# NEWS 파일(json)을 Bigquery에 저장

In [14]:
import os
import sys
import json
import requests
import pickle
import gzip
import pandas as pd
import pandas_gbq as gbq
from pathlib import Path
from google.oauth2 import service_account
from google.cloud import bigquery
from IPython.core.debugger import set_trace
from tqdm.auto import tqdm
tqdm.pandas()

## Configuration

In [15]:
proj = 'global-news-crawl'
table_downloaded = 'news_dataset.downloaded'
table_trashed = 'news_dataset.trashed'
credentials = service_account.Credentials.from_service_account_file('global-news-crawl-c48d7cd9aa81.json')

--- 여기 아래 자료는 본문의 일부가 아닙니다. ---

lemma Hdual_sparse_tail_functional:
  assumes F: "Hbidual F" and p: "strict_mono p" and K: "\<And>j. j \<le> K j"
  shows "Hdual (coeff_functional (range p) (\<lambda>m i. if K (inv p m) \<le> i then F (coord i) m else 0))"
    (is "Hdual (coeff_functional _ ?u)")
proof -
  obtain B where sm: "\<And>m. summable (\<lambda>i. (cmod (F (coord i) m))\<^sup>2)"
    and bd: "\<And>m. (\<Sum>i. (cmod (F (coord i) m))\<^sup>2) \<le> B"
    using Hbidual_coeffs_bounded[OF F] by blast
  have usm: "summable (\<lambda>i. (cmod (?u m i))\<^sup>2)" for m
    using summable_tail[OF sm] by (simp add: power2_norm_if_zero)
  have "(\<Sum>i. (cmod (?u m i))\<^sup>2) \<le> (\<Sum>i. (cmod (F (coord i) m))\<^sup>2)" for m
    by (intro suminf_le usm sm) simp
  hence ubd: "\<forall>m\<in>range p. (\<Sum>i. (cmod (?u m i))\<^sup>2) \<le> B"
    using order_trans[OF _ bd] by blast
  have B0: "0 \<le> B" using bd[of 0] suminf_nonneg[OF sm[of 0]] by simp
  have "\<exists>M0. \<forall>m\<in>range p. M0 \<le> m \<longrightarrow> (\<forall>i<L. ?u m i = 0)" for L
  proof (intro exI[of _ "p L"] ballI impI allI)
    fix m i assume "m \<in> range p" "p L \<le> m" "i < L"
    then obtain j where j: "m = p j" and "L \<le> j" using strict_mono_less_eq[OF p] by auto
    moreover have "K (inv p (p j)) = K j" using strict_mono_imp_inj_on[OF p] by simp
    ultimately show "?u m i = 0" using \<open>i < L\<close> K[of j] by auto
  qed
  thus ?thesis by (intro Hdual_coeff_functional[OF _ ubd B0]) (simp_all add: usm)
qed

lemma Hbidual_realizes_sparse_tails:
  assumes F: "Hbidual F" and p: "strict_mono p" and K: "\<And>j. j \<le> K j"
  obtains g where "Hdual g"
    and "\<And>j. F g (p j) = of_real (tail_sum (\<lambda>i. (cmod (F (coord i) (p j)))\<^sup>2) (K j))"
    and "\<And>m. m \<notin> range p \<Longrightarrow> F g m = 0"
proof -
  define u where "u m i = (if K (inv p m) \<le> i then F (coord i) m else 0)" for m i
  define g where "g = coeff_functional (range p) u"
  have g: "Hdual g" unfolding g_def u_def by (rule Hdual_sparse_tail_functional[OF F p K])
  note sm = Hbidual_coeffs_summable[OF F]
  have usm: "summable (\<lambda>i. (cmod (u m i))\<^sup>2)" for m
    unfolding u_def using summable_tail[OF sm] by (simp add: power2_norm_if_zero)
  show ?thesis
  proof (rule that[OF g])
    fix j
    have "K (inv p (p j)) = K j" using strict_mono_imp_inj_on[OF p] by simp
    hence row: "(\<lambda>i. if p j \<in> range p then F (coord i) (p j) * cnj (u (p j) i) else 0)
        = (\<lambda>i. of_real (if K j \<le> i then (cmod (F (coord i) (p j)))\<^sup>2 else 0))"
      unfolding u_def by (simp add: fun_eq_iff complex_norm_square del: of_real_power)
    have "(\<lambda>i. of_real (if K j \<le> i then (cmod (F (coord i) (p j)))\<^sup>2 else 0)) sums F g (p j)"
      using Hbidual_coeff_functional_sums[OF F g[unfolded g_def] usm, of "p j"]
      unfolding row g_def .
    moreover have "(\<lambda>i. complex_of_real (if K j \<le> i then (cmod (F (coord i) (p j)))\<^sup>2 else 0))
        sums of_real (tail_sum (\<lambda>i. (cmod (F (coord i) (p j)))\<^sup>2) (K j))"
      unfolding tail_sum_def by (intro sums_of_real summable_sums summable_tail[OF sm])
    ultimately show "F g (p j) = of_real (tail_sum (\<lambda>i. (cmod (F (coord i) (p j)))\<^sup>2) (K j))"
      by (rule sums_unique2)
  next
    fix m assume "m \<notin> range p"
    hence "(\<lambda>i. 0) sums F g m"
      using Hbidual_coeff_functional_sums[OF F g[unfolded g_def] usm, of m] unfolding g_def by simp
    thus "F g m = 0" by (simp add: sums_iff)
  qed
qed

lemma Hbidual_uniform_tail:
  assumes F: "Hbidual F" and e: "e > 0"
  shows "\<exists>N. \<forall>m. tail_sum (\<lambda>i. (cmod (F (coord i) m))\<^sup>2) N \<le> e"
proof (rule ccontr)
  define t where "t m = tail_sum (\<lambda>i. (cmod (F (coord i) m))\<^sup>2)" for m
  have lim: "t m \<longlonglongrightarrow> 0" for m
    unfolding t_def by (rule tail_sum_tendsto_0[OF Hbidual_coeffs_summable[OF F]])
  assume "\<not> (\<exists>N. \<forall>m. tail_sum (\<lambda>i. (cmod (F (coord i) m))\<^sup>2) N \<le> e)"
  hence large: "\<exists>m. e < t m N" for N unfolding t_def by (simp add: not_le)
  obtain p K where p: "strict_mono p" and gap: "\<And>j. Suc (p j) < p (Suc j)"
    and K: "\<And>j. j \<le> K j" and tail: "\<And>j. e < t (p j) (K j)"
    using sparse_points_with_large_tails[OF lim e large] by blast
  obtain g where g: "Hdual g" and on: "\<And>j. F g (p j) = of_real (t (p j) (K j))"
    and off: "\<And>m. m \<notin> range p \<Longrightarrow> F g m = 0"
    using Hbidual_realizes_sparse_tails[OF F p K] unfolding t_def by blast
  have "Suc (p j) \<notin> range p" for j
  proof
    assume "Suc (p j) \<in> range p"
    then obtain k where k: "Suc (p j) = p k" by auto
    hence "j < k" using strict_mono_less[OF p] by (metis lessI)
    hence "p (Suc j) \<le> p k" using strict_mono_less_eq[OF p] by simp
    thus False using gap[of j] k by simp
  qed
  hence jump: "cmod (F g (Suc (p j)) - F g (p j)) = t (p j) (K j)" for j
    using off on e tail[of j] by simp
  have "(\<lambda>n. cmod (F g (Suc n) - F g n)) \<longlonglongrightarrow> 0"
    using Hbidual_inA[OF F g] unfolding inA_def by blast
  from LIMSEQ_D[OF this e] obtain N where "\<forall>n\<ge>N. cmod (F g (Suc n) - F g n) < e" by auto
  moreover have "N \<le> p N" using strict_mono_imp_increasing[OF p] .
  ultimately show False using jump[of N] tail[of N] by fastforce
qed

section \<open>Reflexivity\<close>

lemma HA_Hbidual_coeffs:
  assumes F: "Hbidual F" shows "HA (\<lambda>i m. cnj (F (coord i) m))"
proof (rule uniform_l2_cauchy_imp_HA)
  show "\<forall>i. inA (\<lambda>m. cnj (F (coord i) m))"
    using Hbidual_inA[OF F Hdual_coord] inA_cnj by blast
  note sm = Hbidual_coeffs_summable[OF F]
  show "uniform_l2_cauchy (\<lambda>i m. cnj (F (coord i) m))" unfolding uniform_l2_cauchy_def
  proof (intro allI impI)
    fix e :: real assume "e > 0"
    then obtain N where N: "\<forall>m. tail_sum (\<lambda>i. (cmod (F (coord i) m))\<^sup>2) N \<le> e"
      using Hbidual_uniform_tail[OF F] by blast
    have "(\<Sum>i\<in>{N..<M}. (cmod (cnj (F (coord i) m)))\<^sup>2) \<le> e" if "N \<le> M" for m M
      using sum_segment_le_tail_sum[OF sm _ that, of m] N by (simp add: order_trans)
    thus "\<exists>N. \<forall>m M. N \<le> M \<longrightarrow> (\<Sum>i = N..<M. (cmod (cnj (F (coord i) m)))\<^sup>2) \<le> e" by blast
  qed
qed

lemma Hbidual_eq_cnj_eval:
  assumes F: "Hbidual F" and f: "Hdual f"
  shows "F f = (\<lambda>n. cnj (f (\<lambda>i m. cnj (F (coord i) m)) n))"
proof
  fix n
  have "(\<lambda>i. F (coord i) n * cnj (f (unit_vec i) n)) sums F f n"
    using Hbidual_sums[OF F Hdual_coeffs_summable[OF f] f] Hdual_sums[OF f] sums_unique by blast
  moreover have "(\<lambda>i. f (unit_vec i) n * cnj (F (coord i) n)) sums f (\<lambda>i m. cnj (F (coord i) m)) n"
    by (rule Hdual_sums[OF f HA_Hbidual_coeffs[OF F]])
  hence "(\<lambda>i. cnj (f (unit_vec i) n * cnj (F (coord i) n)))
      sums cnj (f (\<lambda>i m. cnj (F (coord i) m)) n)"
    by (rule sums_cnj[THEN iffD2])
  hence "(\<lambda>i. F (coord i) n * cnj (f (unit_vec i) n)) sums cnj (f (\<lambda>i m. cnj (F (coord i) m)) n)"
    by (simp add: mult.commute)
  ultimately show "F f n = cnj (f (\<lambda>i m. cnj (F (coord i) m)) n)" by (rule sums_unique2)
qed
definition ext_proj :: "('m, 'z) amod_scheme \<Rightarrow> ('k, 'y) amod_scheme \<Rightarrow> 'k \<times> 'm \<Rightarrow> 'm" where
  "ext_proj M N = restrict snd (mcar N \<times> mcar M)"

definition is_ext :: "nat \<Rightarrow> nat \<Rightarrow> ('m, 'z) amod_scheme \<Rightarrow> ('k, 'y) amod_scheme \<Rightarrow> ('k \<times> 'm) amod \<Rightarrow> bool" where
  "is_ext n m M N E \<longleftrightarrow> mcar E = mcar N \<times> mcar M \<and> is_mod n m E \<and>
     ext_inc M N \<in> hom n N E \<and> ext_proj M N \<in> hom n E M"

text \<open>The class of E is zero in Ext^1_A(M,N) iff E splits.\<close>
definition ext_splits :: "nat \<Rightarrow> ('m, 'z) amod_scheme \<Rightarrow> ('k, 'y) amod_scheme \<Rightarrow> ('k \<times> 'm) amod \<Rightarrow> bool" where
  "ext_splits n M N E \<longleftrightarrow> (\<exists>s\<in>hom n M E. \<forall>y\<in>mcar M. ext_proj M N (s y) = y)"

text \<open>E represents delta(f), the image of f : M -> omega N under the connecting
  homomorphism of 0 -> N -> J_v N -> omega N -> 0, i.e. the pullback of that sequence
  along f: there is a morphism of extensions from E to that sequence lying over f.\<close>
definition represents_delta :: "nat \<Rightarrow> nat \<Rightarrow> int \<Rightarrow> ('m, 'z) amod_scheme \<Rightarrow> ('k, 'y) amod_scheme
    \<Rightarrow> ('k \<times> 'm) amod \<Rightarrow> ('m \<Rightarrow> (qel \<Rightarrow> 'k) set) \<Rightarrow> bool" where
  "represents_delta n m v M N E f \<longleftrightarrow>
     (\<exists>g\<in>hom n E (Jmod n m v N).
        (\<forall>x\<in>mcar N. g (x, mzero M) = unitJ n v N x) \<and>
        (\<forall>x\<in>mcar N. \<forall>y\<in>mcar M. g (x, y) \<in> f y))"

definition homZ_lc :: "nat \<Rightarrow> int \<Rightarrow> ('m, 'z) amod_scheme \<Rightarrow> ('k, 'y) amod_scheme
    \<Rightarrow> complex \<Rightarrow> ('m \<Rightarrow> 'k) \<Rightarrow> ('m \<Rightarrow> 'k) \<Rightarrow> ('m \<Rightarrow> 'k)" where
  "homZ_lc n v M N c h h' = restrict (\<lambda>x. madd N (mact N (qscal n c) (h x)) (h' x)) (eV M v)"

definition hom_lc :: "nat \<Rightarrow> ('m, 'z) amod_scheme \<Rightarrow> ('k, 'y) amod_scheme
    \<Rightarrow> complex \<Rightarrow> ('m \<Rightarrow> 'k) \<Rightarrow> ('m \<Rightarrow> 'k) \<Rightarrow> ('m \<Rightarrow> 'k)" where
  "hom_lc n M T c f g = restrict (\<lambda>x. madd T (mact T (qscal n c) (f x)) (g x)) (mcar M)"
lemma growth_witnesses_of_root:
  fixes a b :: "nat \<Rightarrow> nat \<Rightarrow> int" and u \<xi> :: "nat \<Rightarrow> real" and m \<kappa> \<epsilon> :: real
  assumes "0 < K" "0 < \<epsilon>" and m: "m = real (K * d + 1)"
    and nz: "\<And>k n. k \<in> {1..K} \<Longrightarrow> 1 \<le> n \<Longrightarrow> a k n \<noteq> 0"
    and lim: "\<And>k. k \<in> {1..K} \<Longrightarrow> partial_alpha a b k \<longlonglongrightarrow> \<xi> k"
    and root: "mpoly_eval K d c \<xi> = 0"
    and ev: "\<forall>\<^sub>F N in sequentially. mpoly_eval K d c (\<lambda>k. partial_alpha a b k N) \<noteq> 0"
    and a_le: "\<And>k n. k \<in> {1..K} \<Longrightarrow> 1 \<le> n \<Longrightarrow>
      \<bar>real_of_int (a k n)\<bar> \<le> 2 powr (u n + u n powr \<kappa> + real n powr (-3) * m ^ n)"
    and q_le: "\<And>k n. k \<in> {1..K} \<Longrightarrow> 1 \<le> n \<Longrightarrow>
      \<bar>real_of_int (b k n) / real_of_int (a k n)\<bar> \<le> 2 powr (- (u n - 2 * u n powr \<kappa>))"
    and u_lower: "\<And>n. 1 \<le> n \<Longrightarrow> (1 + \<epsilon>) * log 2 n \<le> u n"
  obtains \<theta> c' N\<^sub>0 where "0 < \<theta>" "0 \<le> c'" "1 \<le> N\<^sub>0"
    and "\<And>N. N\<^sub>0 \<le> N \<Longrightarrow> \<exists>j>N.
      u j - 2 * u j powr \<kappa> \<le> (m - 1) * growth_sum m \<kappa> u N + c' + real (j - N) \<and>
      \<theta> * u j - 2 * u j powr \<kappa> \<le> (m - 1) * growth_sum m \<kappa> u N + c'"
proof -
  have m1: "m - 1 = real (K * d)" using m by simp
  obtain C where "0 < C" and gap: "\<And>N w. mpoly_eval K d c (\<lambda>k. partial_alpha a b k N) \<noteq> 0 \<Longrightarrow>
      (\<And>n. 0 \<le> w n) \<Longrightarrow> (\<And>M. (\<Sum>n = Suc N..M. w n) \<le> 1) \<Longrightarrow>
      \<exists>j>N. w j < C * 2 powr ((m - 1) * growth_sum m \<kappa> u N - (u j - 2 * u j powr \<kappa>))"
    using partial_alpha_gap[OF \<open>0 < K\<close> _ lim root a_le q_le] nz unfolding growth_sum_def m1 by blast
  have "0 < \<epsilon> / 2" using \<open>0 < \<epsilon>\<close> by simp
  then obtain c' where "0 \<le> c'" and index: "\<And>N Y.
      (\<And>w. (\<And>n. 0 \<le> w n) \<Longrightarrow> (\<And>M. (\<Sum>n = Suc N..M. w n) \<le> 1) \<Longrightarrow>
        \<exists>j>N. w j < C * 2 powr (Y - (u j - 2 * u j powr \<kappa>))) \<Longrightarrow>
      \<exists>j>N. u j - 2 * u j powr \<kappa> \<le> Y + c' + real (j - N)
        \<and> u j - 2 * u j powr \<kappa> \<le> Y + c' + (1 + \<epsilon> / 2) * log 2 (real j)"
    using exists_index_from_weight_test[where g = "\<lambda>j. u j - 2 * u j powr \<kappa>", OF _ \<open>0 < C\<close>] by blast
  obtain N\<^sub>1 where N\<^sub>1: "\<And>N. N\<^sub>1 \<le> N \<Longrightarrow> mpoly_eval K d c (\<lambda>k. partial_alpha a b k N) \<noteq> 0"
    using ev unfolding eventually_sequentially by blast
  define \<theta> where "\<theta> = 1 - (1 + \<epsilon> / 2) / (1 + \<epsilon>)"
  show thesis
  proof (rule that)
    show "0 < \<theta>" unfolding \<theta>_def using \<open>0 < \<epsilon>\<close> by (simp add: field_simps)
    show "0 \<le> c'" "1 \<le> max N\<^sub>1 1" by (fact \<open>0 \<le> c'\<close>) simp
    fix N assume N: "max N\<^sub>1 1 \<le> N"
    have "\<exists>j>N. u j - 2 * u j powr \<kappa> \<le> (m - 1) * growth_sum m \<kappa> u N + c' + real (j - N)
        \<and> u j - 2 * u j powr \<kappa> \<le> (m - 1) * growth_sum m \<kappa> u N + c' + (1 + \<epsilon> / 2) * log 2 (real j)"
      using N by (intro index gap N\<^sub>1) auto
    then obtain j where j: "N < j"
      and close: "u j - 2 * u j powr \<kappa> \<le> (m - 1) * growth_sum m \<kappa> u N + c' + real (j - N)"
      and far: "u j - 2 * u j powr \<kappa> \<le> (m - 1) * growth_sum m \<kappa> u N + c' + (1 + \<epsilon> / 2) * log 2 (real j)"
      by blast
    have "(1 + \<epsilon> / 2) * log 2 (real j) = (1 + \<epsilon> / 2) / (1 + \<epsilon>) * ((1 + \<epsilon>) * log 2 (real j))"
      using \<open>0 < \<epsilon>\<close> by simp
    also have "\<dots> \<le> (1 + \<epsilon> / 2) / (1 + \<epsilon>) * u j"
      using u_lower[of j] j \<open>0 < \<epsilon>\<close> by (intro mult_left_mono) auto
    also have "\<dots> = u j - \<theta> * u j" unfolding \<theta>_def by (simp add: algebra_simps)
    finally show "\<exists>j>N. u j - 2 * u j powr \<kappa> \<le> (m - 1) * growth_sum m \<kappa> u N + c' + real (j - N) \<and>
        \<theta> * u j - 2 * u j powr \<kappa> \<le> (m - 1) * growth_sum m \<kappa> u N + c'"
      using j close far by auto
  qed
qed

## Bigquery에서 기존 뉴스 ID 리스트 받기

In [16]:
%%time
qry_0 = 'SELECT id FROM `{}`'.format(proj + '.' + table_downloaded)
ids_downloaded = gbq.read_gbq(qry_0, project_id=proj, credentials=credentials)#, use_bqstorage_api=True)

Wall time: 20.4 s


In [17]:
%%time
qry_1 = 'SELECT id FROM `{}`'.format(proj + '.' + table_trashed)
ids_trashed = gbq.read_gbq(qry_1, project_id=proj, credentials=credentials)

Wall time: 5.99 s


In [18]:
ids_downloaded_set = set(ids_downloaded.id)
ids_trashed_set = set(ids_trashed.id)

In [19]:
assert len(ids_downloaded) == len(ids_downloaded_set), 'duplicated in downloaded'
assert len(ids_trashed) == len(ids_trashed_set), 'duplicated in trashed'
assert len(ids_downloaded_set & ids_trashed_set) == 0, 'ids overlapping'

In [20]:
newsids = ids_downloaded_set | ids_trashed_set; len(newsids)

323763

In [21]:
len(ids_downloaded_set), len(ids_trashed_set)

(301135, 22628)

## 파일에서 뉴스정보 추출
나중에는 필요없는 과정이다. 다운로드 받은 즉시 바로 Bigquery에 전송할 것이므로

In [22]:
def extract_contents(newsids=None, where=None, n=1000):
    df = {}
    _n = 0
    
    for file in Path(where).glob('**/*.json'):
        id = file.stem
        
        if id not in newsids:
            try:
                js = json.loads(file.read_text())
            
                if 'authors' in js:
                    js['authors'] = ', '.join(js['authors'])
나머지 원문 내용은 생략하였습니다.